Recovery of Charas. FIR registered u/S. 3/4,
Prohibition Order, 1979 r/w S. 6/9, CNSA, 1997 and the challan has not yet been
submitted. Where an offence is punishable under two
different provisions of law, the law enacting lesser punishment is to be
pressed into service. 2000 PCr.LJ 96 and 1084.
Protection
against double punishment. Accused after having been convicted and
sentenced u/S. 156(1)(8) of the Customs Act, 1969 was
also convicted and sentenced u/S. 9 of CNSA, 1997. Offence committed by the
accused before enforcement of CNSA, 1997. Accused had already been repatriated
to his own country after serving his sentence under the Customs Act, 1969.

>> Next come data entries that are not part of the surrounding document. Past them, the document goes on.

(* Let $\mathbf{A}\in\mathbb{R}^{d\times n}_{\ge0}$, $\epsilon\in[0,\frac12]$, $p\ge2$. Consider the iterates $w_t$ of the algorithm PNormPacking described in the context, and define $\Phi_t = \|\mathbf{A}w_t\|_p - \|w_t\|_1$. Then in every iteration $t$ of the algorithm, $\Phi_{t+1}\le\Phi_t$.
   Context: Powers of vectors are entrywise, $\circ$ is the entrywise product. Algorithm PNormPacking$(\mathbf{A},\epsilon,p)$: set $\eta = 1/p$, $T = \frac{4p\log(nd/\epsilon)}{\epsilon}$, $w_0 = \frac{\epsilon}{n^2 d}\mathbf{1}$, $z=\mathbf{0}$, $t=0$. While $\|w_t\|_1\le\epsilon^{-1}$: let $v_t = \mathbf{A}w_t/\|\mathbf{A}w_t\|_p$, $g_t = \max(0,\mathbf{1}-\mathbf{A}^\top(v_t)^{p-1})$ entrywise, $w_{t+1} = w_t\circ(1+\eta g_t)$, $z\leftarrow z+(v_t)^{p-1}$, $t\leftarrow t+1$; if $t\ge T$, return $z/\|z\|_q$ with $q = p/(p-1)$. If the loop exits, return $w_t/\|w_t\|_1$. *)

theory Defs
  imports Complex_Main
begin

text \<open>Matrices A in R^{d x n} are functions 'd => 'n => real over finite index types;
  vectors in R^n are functions 'n => real. Powers of vectors are entrywise (powr).\<close>

definition pnorm :: "real \<Rightarrow> ('a::finite \<Rightarrow> real) \<Rightarrow> real" where
  "pnorm p x = (\<Sum>i\<in>UNIV. \<bar>x i\<bar> powr p) powr (1 / p)"

definition l1norm :: "('a::finite \<Rightarrow> real) \<Rightarrow> real" where
  "l1norm x = (\<Sum>i\<in>UNIV. \<bar>x i\<bar>)"

definition matvec :: "('d::finite \<Rightarrow> 'n::finite \<Rightarrow> real) \<Rightarrow> ('n \<Rightarrow> real) \<Rightarrow> 'd \<Rightarrow> real" where
  "matvec A w = (\<lambda>i. \<Sum>j\<in>UNIV. A i j * w j)"

definition matTvec :: "('d::finite \<Rightarrow> 'n::finite \<Rightarrow> real) \<Rightarrow> ('d \<Rightarrow> real) \<Rightarrow> 'n \<Rightarrow> real" where
  "matTvec A v = (\<lambda>j. \<Sum>i\<in>UNIV. A i j * v i)"

definition pnp_v :: "('d::finite \<Rightarrow> 'n::finite \<Rightarrow> real) \<Rightarrow> real \<Rightarrow> ('n \<Rightarrow> real) \<Rightarrow> 'd \<Rightarrow> real" where
  "pnp_v A p w = (\<lambda>i. matvec A w i / pnorm p (matvec A w))"

definition pnp_g :: "('d::finite \<Rightarrow> 'n::finite \<Rightarrow> real) \<Rightarrow> real \<Rightarrow> ('n \<Rightarrow> real) \<Rightarrow> 'n \<Rightarrow> real" where
  "pnp_g A p w = (\<lambda>j. max 0 (1 - matTvec A (\<lambda>i. pnp_v A p w i powr (p - 1)) j))"

definition pnp_step :: "('d::finite \<Rightarrow> 'n::finite \<Rightarrow> real) \<Rightarrow> real \<Rightarrow> ('n \<Rightarrow> real) \<Rightarrow> 'n \<Rightarrow> real" where
  "pnp_step A p w = (\<lambda>j. w j * (1 + (1 / p) * pnp_g A p w j))"

definition pnp_w :: "('d::finite \<Rightarrow> 'n::finite \<Rightarrow> real) \<Rightarrow> real \<Rightarrow> real \<Rightarrow> nat \<Rightarrow> 'n \<Rightarrow> real" where
  "pnp_w A eps p t = (pnp_step A p ^^ t) (\<lambda>_. eps / (real (card (UNIV :: 'n set)) ^ 2 * real (card (UNIV :: 'd set))))"
(* Let $|\psi\rangle,|\phi\rangle,|e\rangle,|f\rangle$ be unit vectors in $\mathbb{C}^2$ with $\langle e|f\rangle=0$. Then for every $\mathcal{X}\in\{\mathcal{R},\mathcal{UE},\mathcal{GE},\mathcal{C}\}$, $$\max_{\Psi\in\mathcal{X}}\left\{\frac12\langle e|\Psi(|\psi\rangle\langle\psi|)|e\rangle+\frac12\langle f|\Psi(|\phi\rangle\langle\phi|)|f\rangle\right\}=\frac12\left(1+\sqrt{1-|\langle\psi|\phi\rangle|^2}\right).$$
   Context: Channels are linear, completely positive, trace preserving maps on $\mathcal{L}(\mathbb{C}^2)$. $\mathcal{C}$ is the set of all quantum channels; $\mathcal{R}$ is the set of random unitary channels $A\mapsto\sum_xp_xU_xAU_x^\dagger$ ($\{p_x\}$ a finite probability distribution, $U_x$ unitary); $\mathcal{GE}$ is the set of entanglement breaking channels (those $\Psi$ with $(\mathrm{id}\otimes\Psi)(\rho)$ separable for every state $\rho$ on $\mathbb{C}^2\otimes\mathbb{C}^2$); $\mathcal{UE}$ is the set of unital ($\Psi(I)=I$) entanglement breaking channels. *)

theory Defs
  imports "Jordan_Normal_Form.Schur_Decomposition"
begin

(* The complex order (HOL-Library.Complex_Order,
   imported by Jordan_Normal_Form) is used: 0 <= z iff z is real and nonnegative. *)

definition unit_vec2 :: "complex vec \<Rightarrow> bool" where
  "unit_vec2 v \<longleftrightarrow> v \<in> carrier_vec 2 \<and> v \<bullet> conjugate v = 1"

definition braket :: "complex vec \<Rightarrow> complex vec \<Rightarrow> complex" where
  "braket v w = w \<bullet> conjugate v"

definition sandwich :: "complex vec \<Rightarrow> complex mat \<Rightarrow> complex vec \<Rightarrow> complex" where
  "sandwich v M w = braket v (M *\<^sub>v w)"

definition ketbra :: "complex vec \<Rightarrow> complex vec \<Rightarrow> complex mat" where
  "ketbra v w = mat (dim_vec v) (dim_vec w) (\<lambda>(i,j). v $ i * cnj (w $ j))"

definition psd :: "nat \<Rightarrow> complex mat \<Rightarrow> bool" where
  "psd n M \<longleftrightarrow> M \<in> carrier_mat n n \<and> (\<forall>v \<in> carrier_vec n. 0 \<le> braket v (M *\<^sub>v v))"

definition mtrace :: "complex mat \<Rightarrow> complex" where
  "mtrace M = (\<Sum>i<dim_row M. M $$ (i,i))"

definition density :: "nat \<Rightarrow> complex mat \<Rightarrow> bool" where
  "density n M \<longleftrightarrow> psd n M \<and> mtrace M = 1"

(* Kronecker product of a 2x2 and a 2x2 matrix; index (i,a) of C^2 (x) C^2 is 2*i+a *)
definition kron2 :: "complex mat \<Rightarrow> complex mat \<Rightarrow> complex mat" where
  "kron2 A B = mat 4 4 (\<lambda>(r,c). A $$ (r div 2, c div 2) * B $$ (r mod 2, c mod 2))"

(* the (i,j)-th 2x2 block of a (2k)x(2k) matrix, viewed as an operator on C^k (x) C^2 *)
definition block2 :: "complex mat \<Rightarrow> nat \<Rightarrow> nat \<Rightarrow> complex mat" where
  "block2 M i j = mat 2 2 (\<lambda>(a,b). M $$ (2*i+a, 2*j+b))"

definition id_tensor :: "nat \<Rightarrow> (complex mat \<Rightarrow> complex mat) \<Rightarrow> complex mat \<Rightarrow> complex mat" where
  "id_tensor k \<Psi> M = mat (k*2) (k*2) (\<lambda>(r,c). \<Psi> (block2 M (r div 2) (c div 2)) $$ (r mod 2, c mod 2))"
(* Let $K$ be a number field, let $\alpha>1$ be rational, and let $F\in K[[x^{\mathbb{R}}]]$ be a Hahn series satisfying $\sum_{i=0}^d P_i(x)F(x^{\alpha^i})=0$ for some polynomials $P_0,\dots,P_d\in K[x]$ with $P_d\ne0$. Then there is a positive integer $l$ such that $P(F(x^l))\subseteq\mathbb{Z}[\alpha,\alpha^{-1}]$; moreover $F(x^l)$ is again such an $\alpha$-Mahler Hahn series.
   Context: $K[[x^{\mathbb{R}}]]$ is the field of Hahn series $\sum_{i\in\mathbb{R}} f_ix^i$ ($f_i\in K$) with well-ordered support $P(F)=\{i:f_i\ne0\}$; $F(x^\gamma)=\sum_if_ix^{\gamma i}$. $\mathbb{Z}[\alpha,\alpha^{-1}]$ is the subring of $\mathbb{Q}$ generated by $\alpha^{\pm1}$. "$\alpha$-Mahler" means satisfying a nontrivial homogeneous equation $\sum_{i=0}^{d'} Q_i(x)G(x^{\alpha^i})=0$ with $Q_i\in K[x]$, $Q_{d'}\neq 0$. *)

theory Defs
  imports Complex_Main "HOL-Computational_Algebra.Polynomial"
begin

definition number_field_type :: "'k::field_char_0 itself \<Rightarrow> bool" where
  "number_field_type _ \<longleftrightarrow>
     (\<exists>B::'k set. finite B \<and> (\<forall>x::'k. \<exists>c::'k \<Rightarrow> rat. x = (\<Sum>b\<in>B. of_rat (c b) * b)))"

text \<open>Support of a Hahn series F = sum_i F i x^i (coefficient function real => K).\<close>
definition hahn_support :: "(real \<Rightarrow> 'k::zero) \<Rightarrow> real set" where
  "hahn_support F = {i. F i \<noteq> 0}"

definition well_ordered_set :: "real set \<Rightarrow> bool" where
  "well_ordered_set S \<longleftrightarrow> (\<forall>A. A \<subseteq> S \<longrightarrow> A \<noteq> {} \<longrightarrow> (\<exists>m\<in>A. \<forall>a\<in>A. m \<le> a))"

definition hahn_series :: "(real \<Rightarrow> 'k::zero) \<Rightarrow> bool" where
  "hahn_series F \<longleftrightarrow> well_ordered_set (hahn_support F)"

text \<open>F(x^gamma) = sum_i F_i x^(gamma i); its coefficient at e is F(e/gamma).\<close>
definition hahn_subst :: "(real \<Rightarrow> 'k) \<Rightarrow> real \<Rightarrow> (real \<Rightarrow> 'k)" where
  "hahn_subst F \<gamma> = (\<lambda>e. F (e / \<gamma>))"
lemma inj_on_inner_orbit:
  assumes z: "z \<in> principal G" and sep: "inj_on (\<lambda>p. p \<bullet> x) (orbit G z)"
  shows "inj_on (\<lambda>q. q \<bullet> z) (orbit G x)"
proof (rule inj_onI)
  fix q q' assume "q \<in> orbit G x" "q' \<in> orbit G x" and eq: "q \<bullet> z = q' \<bullet> z"
  then obtain g h where g: "g \<in> G" "q = g *v x" and h: "h \<in> G" "q' = h *v x"
    unfolding orbit_def by auto
  have gt: "transpose g \<in> G" and ht: "transpose h \<in> G"
    using transpose_in_G g h by auto
  have "(transpose g *v z) \<bullet> x = (transpose h *v z) \<bullet> x"
    using eq g h inner_matrix_vector_transpose[of "transpose g" z x]
      inner_matrix_vector_transpose[of "transpose h" z x]
    by (simp add: inner_commute)
  then have "transpose g *v z = transpose h *v z"
    using inj_onD[OF sep] orbit_closed[OF gt orbit_self] orbit_closed[OF ht orbit_self]
    by blast
  then have "transpose g = transpose h" using principal_cancel[OF z gt ht] by blast
  then show "q = q'" using g h by (metis transpose_transpose)
qed

lemma maximizer_in_voronoi:
  assumes sep: "inj_on (\<lambda>p. p \<bullet> v) (orbit G x)" and max: "x \<bullet> v = maxpair G x v"
  shows "v \<in> voronoi G x"
  unfolding voronoi_def
proof (intro CollectI ballI impI)
  fix p assume p: "p \<in> orbit G x" "p \<noteq> x"
  have "p \<bullet> v \<le> x \<bullet> v" using maxpair_ge[OF p(1) orbit_self] max by simp
  moreover have "p \<bullet> v \<noteq> x \<bullet> v" using inj_onD[OF sep _ p(1) orbit_self] p(2) by blast
  ultimately show "p \<bullet> v < x \<bullet> v" by simp
qed

lemma card_Sset_le:
  assumes "x \<in> principal G" "y \<in> principal G"
  shows "finite (Sset G x y)" and "card (Sset G x y) \<le> voronoi_char G"
proof -
  have sub: "Sset G x' y' \<subseteq> orbit G y'" for x' y' unfolding Sset_def by auto
  show "finite (Sset G x y)" using finite_subset[OF sub finite_orbit] .
  have "card (Sset G x' y') \<le> card G" for x' y'
  proof -
    have "card (Sset G x' y') \<le> card (orbit G y')" using card_mono[OF finite_orbit sub] .
    also have "\<dots> \<le> card G"
      unfolding orbit_def using card_image_le[OF finite_G] .
    finally show ?thesis .
  qed
  then have "{card (Sset G x y) | x y. x \<in> principal G \<and> y \<in> principal G} \<subseteq> {..card G}"
    by auto
  then have "finite {card (Sset G x y) | x y. x \<in> principal G \<and> y \<in> principal G}"
    using finite_subset by blast
  then show "card (Sset G x y) \<le> voronoi_char G"
    unfolding voronoi_char_def using assms by (intro Max_ge) auto
qed
lemma permutes_nonid_has_descent:
  assumes perm: "\<sigma> permutes {1..K}" and nonid: "\<sigma> \<noteq> id"
  shows "\<exists>k. 1 \<le> k \<and> k < K \<and> \<sigma> (Suc k) < \<sigma> k"
proof (rule ccontr)
  assume "\<not> ?thesis"
  then have mono: "\<sigma> k < \<sigma> (Suc k)" if "1 \<le> k" "k < K" for k
    using permutes_inj[OF perm] that by (metis inj_eq linorder_neqE_nat n_not_Suc_n)
  have range: "\<sigma> i \<in> {1..K}" if "i \<in> {1..K}" for i
    using permutes_in_image[OF perm] that by blast
  have ge: "i \<le> \<sigma> i" if "1 \<le> i" "i \<le> K" for i
    using that
  proof (induction i rule: dec_induct)
    case base then show ?case using range[of 1] by auto
  next
    case (step n) then show ?case using mono[of n] by auto
  qed
  have le: "\<sigma> (K - d) \<le> K - d" if "d < K" for d
    using that
  proof (induction d)
    case 0 then show ?case using range[of K] by auto
  next
    case (Suc d)
    then have "\<sigma> (K - Suc d) < \<sigma> (Suc (K - Suc d))" by (intro mono) auto
    moreover have "Suc (K - Suc d) = K - d" using Suc by auto
    ultimately show ?case using Suc by auto
  qed
  have "\<sigma> i = i" for i
  proof (cases "i \<in> {1..K}")
    case True
    then show ?thesis using le[of "K - i"] ge[of i] by auto
  next
    case False then show ?thesis using permutes_not_in[OF perm] by blast
  qed
  then show False using nonid by auto
qed
(* Let $f:M\to\mathbb{R}^3$ be an immersion with eq\"uiaffine transversal vector field $\xi$ and positive definite induced bilinear form $h$, and let $r_0$ be an isolated umbilical point. Let $\{X_1,X_2\}$ and $\{\tilde X_1,\tilde X_2\}$ be two smooth $h$-orthonormal frames near $r_0$, with associated vector fields $\mathcal{B}$ and $\tilde{\mathcal{B}}$. Then the order of $r_0$, and the property of $r_0$ being semi-homogeneous of degree $k$, are the same whether computed with $\mathcal{B}$ or with $\tilde{\mathcal{B}}$.
   Context: $D$ is the flat connection of $\mathbb{R}^3$; $h$ and the shape operator $B$ are defined by $D_Xf_*Y=f_*(\nabla_XY)+h(X,Y)\xi$ and $D_X\xi=-f_*(BX)+\tau(X)\xi$; eq\"uiaffine means $\tau=0$, in which case $B$ is $h$-self-adjoint. A point is umbilical if $B$ is a multiple of the identity there. For an $h$-orthonormal frame $\{X_1,X_2\}$ with matrix $(b_{ij})$ of $B$ (so $b_{12}=b_{21}$), set $\mathcal{B}=(b_{11}-b_{22})X_1+2b_{12}X_2$. The order of $r_0$ is the order of the first non-zero jet of $\mathcal{B}$ at $r_0$; $r_0$ is semi-homogeneous of degree $k$ if the $(k-1)$-jet of $\mathcal{B}$ at $r_0$ vanishes and $r_0$ is an isolated zero of the $k$-jet of $\mathcal{B}$. *)

theory Defs
  imports "HOL-Analysis.Analysis"
begin

text \<open>Local model: the surface M is represented near the umbilical point by an open
chart domain U in real^2.  Tangent vectors are written in the coordinate basis.\<close>

fun pd :: "'n list \<Rightarrow> (real^'n::finite \<Rightarrow> 'b::real_normed_vector) \<Rightarrow> real^'n \<Rightarrow> 'b" where
  "pd [] g = g"
| "pd (i # is) g = (\<lambda>x. frechet_derivative (pd is g) (at x) (axis i 1))"

definition smooth_on :: "(real^'n::finite) set \<Rightarrow> (real^'n \<Rightarrow> 'b::real_normed_vector) \<Rightarrow> bool" where
  "smooth_on U g \<longleftrightarrow> open U \<and> (\<forall>is. \<forall>x\<in>U. pd is g differentiable (at x))"

text \<open>Differential f_* at p and second derivative D_v (f_* w) for constant coordinate fields.\<close>
definition dmap :: "(real^'n::finite \<Rightarrow> 'b::real_normed_vector) \<Rightarrow> real^'n \<Rightarrow> real^'n \<Rightarrow> 'b" where
  "dmap g p v = frechet_derivative g (at p) v"

definition d2map :: "(real^'n::finite \<Rightarrow> 'b::real_normed_vector) \<Rightarrow> real^'n \<Rightarrow> real^'n \<Rightarrow> real^'n \<Rightarrow> 'b" where
  "d2map g p v w = frechet_derivative (\<lambda>q. dmap g q w) (at p) v"

definition jet :: "nat \<Rightarrow> (real^'n::finite \<Rightarrow> 'b::real_normed_vector) \<Rightarrow> real^'n \<Rightarrow> real^'n \<Rightarrow> 'b" where
  "jet k V r x = (\<Sum>m\<le>k. \<Sum>is\<in>{is::'n list. length is = m}.
       (inverse (fact m) * (\<Prod>i\<leftarrow>is. (x - r) $ i)) *\<^sub>R pd is V r)"

definition jet_order :: "(real^'n::finite \<Rightarrow> 'b::real_normed_vector) \<Rightarrow> real^'n \<Rightarrow> enat" where
  "jet_order V r = (if \<exists>k. jet k V r \<noteq> (\<lambda>_. 0)
                    then enat (LEAST k. jet k V r \<noteq> (\<lambda>_. 0)) else \<infinity>)"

Conviction and sentence of accused under the Customs Act, 1969 and CNSA, 1997
were set aside. PLD 2001 Kar. 283.
Contention that
narcotics were recovered from secret cavities of truck loaded with bricks and
appellant had no conscious knowledge of it. It was asserted that in absence of
mens rea appellant could not be held guilty of offence of smuggling narcotics.
Learned counsel went on to say that owner and conductor of truck were let off
by raiding party and appellant was made victim of circumstances on account of
his inability to grease palm of police officials. Submission of learned counsel
is not tenable. There is nothing on file in support of plea taken by appellant.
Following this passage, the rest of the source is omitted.